Non sono canzonette, queste, ma come dice il titolo, si tratta di poesia sonora, anzi, di poesia concreta, con evidente riferimento alla musica concreta che un bel dì del 1950 il compositore laureato Pierre Boulez si prese la briga di inventare. Ecche è la musica concreta, sento già dire da qualcuno là fuori? Ma niente altro che la musica fatta dei rumori. Insomma, senza questo messieur niente Kraftwerk, niente Einstürzende Neubauten, niente Matmos. Sulla scia di Boulez, prese a muoversi mister John Cage, che nel 1952 spinse la musica concreta al suo limite estremo: nel silenzio totale di 4’33”, qui coverizzata da Riccio, si nascondeva l’invito all’ascolto dei rumori che stanno intorno a noi, come musica. Come ha scritto Paul Morley a questo proposito, “Listen (ascoltare) è l’anagramma di silent (silenzioso). Allo stesso modo, tutto è l’anagramma di tutto”. Riflettete su questo aforisma, e il Buddha vi illuminerà. Nell’attesa, sappiate che questa non è un’inutile introduzione, fatta per sfoggiare erudizione, ma premessa necessaria per comprendere questo bel lavoro di Riccio, che non è un disco rumorista, non è un disco di musica pop, e non è nemmeno un disco di poesia in tutto e per tutto, ma un disco in cui la poesia, declamata, si fa musica essa stessa, utilizza musiche e utilizza rumori.

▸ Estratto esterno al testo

(* Let $f(x,y)=\frac12x^\top Px-b^\top x+x^\top Ay-\frac12y^\top Qy+c^\top y$ on $\mathbb{R}^n\times\mathbb{R}^m$ with $P\succeq0$, $Q\succeq0$, and suppose a stationary point of $f$ exists. For $\nu>0$ let $z^*(\nu)$ be the saddle point of $\min_x\max_y f_\nu(x,y)$, where $f_\nu(x,y)=f(x,y)+\frac{\nu}{2}\|x\|^2-\frac{\nu}{2}\|y\|^2$. Then there exist constants $C,\delta_0>0$ such that $\|z^*(\nu_1)-z^*(\nu_2)\|\le C|\nu_1-\nu_2|$ for all $0<\nu_1,\nu_2<\delta_0$ (i.e., the error bound condition holds with exponent $\theta=1$).
   Context: The error bound condition with exponent $\theta\in(0,1]$ means: there exist $C,\delta_0>0$ such that $\|z^*(\nu_1)-z^*(\nu_2)\|\le C|\nu_1-\nu_2|^\theta$ for all $0<\nu_1,\nu_2<\delta_0$. *)

theory Defs
  imports "HOL-Analysis.Analysis"
begin

definition psd :: "real^'k^'k \<Rightarrow> bool" where
  "psd M \<longleftrightarrow> transpose M = M \<and> (\<forall>x. 0 \<le> x \<bullet> (M *v x))"

definition qsaddle ::
  "real^'n^'n \<Rightarrow> real^'n \<Rightarrow> real^'m^'n \<Rightarrow> real^'m^'m \<Rightarrow> real^'m
   \<Rightarrow> ((real^'n) \<times> (real^'m)) \<Rightarrow> real" where
  "qsaddle P b A Q c z =
     (let x = fst z; y = snd z in
      (1/2) * (x \<bullet> (P *v x)) - b \<bullet> x + x \<bullet> (A *v y)
      - (1/2) * (y \<bullet> (Q *v y)) + c \<bullet> y)"

definition regf ::
  "(((real^'n) \<times> (real^'m)) \<Rightarrow> real) \<Rightarrow> real \<Rightarrow> ((real^'n) \<times> (real^'m)) \<Rightarrow> real" where
  "regf f \<nu> z = f z + (\<nu>/2) * (norm (fst z))\<^sup>2 - (\<nu>/2) * (norm (snd z))\<^sup>2"

definition stationary_point :: "('a::real_normed_vector \<Rightarrow> real) \<Rightarrow> 'a \<Rightarrow> bool" where
  "stationary_point g z \<longleftrightarrow> (g has_derivative (\<lambda>h. 0)) (at z)"

definition saddle_point :: "(('a \<times> 'b) \<Rightarrow> real) \<Rightarrow> ('a \<times> 'b) \<Rightarrow> bool" where
  "saddle_point g z \<longleftrightarrow>
     (\<forall>x y. g (fst z, y) \<le> g z \<and> g z \<le> g (x, snd z))"

end

theory Submission
  imports Defs
begin

text \<open>
  Put \<open>M (x, y) = (P x + A y, Q y - A\<^sup>T x)\<close>. This linear map is monotone,
  \<open>\<langle>M z, z\<rangle> = x\<^sup>T P x + y\<^sup>T Q y \<ge> 0\<close>, and the first-order conditions read
  \<open>M z\<^sub>0 = (b, c)\<close> for a stationary point of \<open>f\<close> and \<open>M z + \<nu> z = (b, c)\<close>
  for a saddle point of \<open>f\<^sub>\<nu>\<close>. Monotonicity gives \<open>\<parallel>z(\<nu>)\<parallel> \<le> \<parallel>z\<^sub>0\<parallel>\<close>, and it
  makes the kernel of \<open>M\<close> orthogonal to its range, so \<open>M\<close> is bounded below
  by some \<open>e > 0\<close> on its range, which contains \<open>d = z(\<nu>\<^sub>1) - z(\<nu>\<^sub>2)\<close>. Hence
  \<open>e \<parallel>d\<parallel> \<le> \<parallel>M d\<parallel> \<le> \<parallel>M d + \<nu>\<^sub>1 d\<parallel> = |\<nu>\<^sub>1 - \<nu>\<^sub>2| \<parallel>z(\<nu>\<^sub>2)\<parallel> \<le> |\<nu>\<^sub>1 - \<nu>\<^sub>2| \<parallel>z\<^sub>0\<parallel>\<close>.
\<close>

lemma quadratic_nonneg_imp_linear_coeff_eq_0:
  fixes L K :: real
  assumes nonneg: "\<And>t. 0 \<le> t * L + t\<^sup>2 * K"
  shows "L = 0"
proof -
  define s where "s = \<bar>K\<bar> + 1"
  have "s > 0" "s - K > 0" unfolding s_def by linarith+
  have "(- L / s) * L + (- L / s)\<^sup>2 * K = - L\<^sup>2 * (s - K) / s\<^sup>2"
    using \<open>s > 0\<close> by (simp add: field_simps power2_eq_square)
  then have "L\<^sup>2 * (s - K) \<le> 0"
    using nonneg[of "- L / s"] \<open>s > 0\<close> by (simp add: divide_le_0_iff)
  with \<open>s - K > 0\<close> show ?thesis
    by (simp add: mult_le_0_iff)
qed

lemma stationary_imp_linear_coeff_eq_0:
  fixes g :: "'a::real_normed_vector \<Rightarrow> real"
  assumes "(g has_derivative (\<lambda>_. 0)) (at z)"
    and "\<And>t. g (z + t *\<^sub>R h) = g z + t * L + t\<^sup>2 * K"
  shows "L = 0"
proof -
  have "((\<lambda>t::real. z + t *\<^sub>R h) has_derivative (\<lambda>t. t *\<^sub>R h)) (at 0)"
    by (auto intro!: derivative_eq_intros)
  from has_derivative_compose[OF this] assms(1)
  have "((\<lambda>t. g (z + t *\<^sub>R h)) has_derivative (\<lambda>_. 0)) (at 0)"
    by (simp add: o_def)
  then have "((\<lambda>t. g z + t * L + t\<^sup>2 * K) has_derivative (\<lambda>_. 0)) (at 0)"
    using assms(2) by simp
  moreover have "((\<lambda>t. g z + t * L + t\<^sup>2 * K) has_derivative (\<lambda>t. t * L)) (at 0)"
    by (auto intro!: derivative_eq_intros)
  ultimately have "(\<lambda>_. 0) = (\<lambda>t::real. t * L)"
    by (rule has_derivative_unique)
  then show ?thesis by (metis mult_1)
qed

lemma monotone_linear_kernel_orthogonal_range:
  fixes M :: "'a::real_inner \<Rightarrow> 'a"
  assumes "linear M" and mono: "\<And>w. 0 \<le> M w \<bullet> w" and "M w = 0"
  shows "w \<bullet> M v = 0"
proof (rule quadratic_nonneg_imp_linear_coeff_eq_0)
  fix t :: real
  have "M (w + t *\<^sub>R v) \<bullet> (w + t *\<^sub>R v) = t * (w \<bullet> M v) + t\<^sup>2 * (M v \<bullet> v)"
    using \<open>M w = 0\<close>
    by (simp add: linear_add[OF \<open>linear M\<close>] linear_scale[OF \<open>linear M\<close>] inner_add_right
        inner_commute power2_eq_square)
  then show "0 \<le> t * (w \<bullet> M v) + t\<^sup>2 * (M v \<bullet> v)"
    using mono[of "w + t *\<^sub>R v"] by simp
qed

lemma monotone_linear_bounded_below_on_range:
  fixes M :: "'a::euclidean_space \<Rightarrow> 'a"
  assumes "linear M" and "\<And>w. 0 \<le> M w \<bullet> w"
  obtains e where "e > 0" and "\<And>w. w \<in> range M \<Longrightarrow> e * norm w \<le> norm (M w)"
proof -
  have "subspace (range M)"
    by (rule linear_subspace_image[OF \<open>linear M\<close> subspace_UNIV])
  moreover have "w = 0" if "w \<in> range M" and "M w = 0" for w
  proof -
    obtain v where "w = M v" using \<open>w \<in> range M\<close> by blast
    then have "w \<bullet> w = 0"
      using monotone_linear_kernel_orthogonal_range[OF assms \<open>M w = 0\<close>] by simp
    then show ?thesis by simp
  qed
  ultimately obtain e where "e > 0" "\<forall>w\<in>range M. e * norm w \<le> norm (M w)"
    using injective_imp_isometric[OF closed_subspace] \<open>linear M\<close> linear_conv_bounded_linear
    by metis
  then show ?thesis using that by blast
qed

lemma monotone_regularized_solution_norm_le:
  fixes M :: "'a::real_inner \<Rightarrow> 'a"
  assumes "linear M" and mono: "\<And>w. 0 \<le> M w \<bullet> w"
    and "M z0 = u" and "M z + \<nu> *\<^sub>R z = u" and "0 < \<nu>"
  shows "norm z \<le> norm z0"
proof -
  have "M (z0 - z) = \<nu> *\<^sub>R z"
    using assms(3,4) by (simp add: linear_diff[OF \<open>linear M\<close>] algebra_simps)
  then have "0 \<le> \<nu> * (z \<bullet> (z0 - z))"
    using mono[of "z0 - z"] by simp
  then have "z \<bullet> z \<le> z \<bullet> z0"
    using \<open>0 < \<nu>\<close> by (simp add: zero_le_mult_iff inner_diff_right)
  also have "\<dots> \<le> norm z * norm z0"
    by (rule norm_cauchy_schwarz)
  finally have "norm z * norm z \<le> norm z * norm z0"
    by (simp add: power2_norm_eq_inner[symmetric] power2_eq_square)
  then show ?thesis
    by (cases "z = 0") auto
qed

lemma monotone_norm_le_norm_add_scaleR:
  fixes M :: "'a::real_inner \<Rightarrow> 'a"
  assumes "0 \<le> M d \<bullet> d" and "0 \<le> \<nu>"
  shows "norm (M d) \<le> norm (M d + \<nu> *\<^sub>R d)"
proof (rule power2_le_imp_le)
  have "(norm (M d + \<nu> *\<^sub>R d))\<^sup>2 = (norm (M d))\<^sup>2 + 2 * \<nu> * (M d \<bullet> d) + \<nu>\<^sup>2 * (d \<bullet> d)"
    unfolding power2_norm_eq_inner
    by (simp add: inner_add_left inner_add_right inner_commute algebra_simps power2_eq_square)
  then show "(norm (M d))\<^sup>2 \<le> (norm (M d + \<nu> *\<^sub>R d))\<^sup>2"
    using assms by simp
qed simp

Se la musica concreta è quella di cui ho detto sopra, la poesia concreta, detta con gioco di parole “con creta”, rimanda al concetto di poeta come artefice concreto, che dai materiali concreti del suono (ogni cosa percepibile con almeno uno dei cinque sensi è concreta, come affermano i libri di grammatica) fa poesia così come lo scultore dalla creta modella la sua statua. La poesia concreta è quindi un’attività di manipolazione che crea nuovi punti di vista sul mondo, irriverenti e alieni, spassosi e virtuosi al tempo stesso. Già, spassosi. Perché questo non è un disco palloso e intellettualoide, ma un disco in cui l’intellettualità sa farsi leggera danza nietzschiana sul caos del mondo: liberi di non crederci, ma questo è un disco che si riascolta volentieri.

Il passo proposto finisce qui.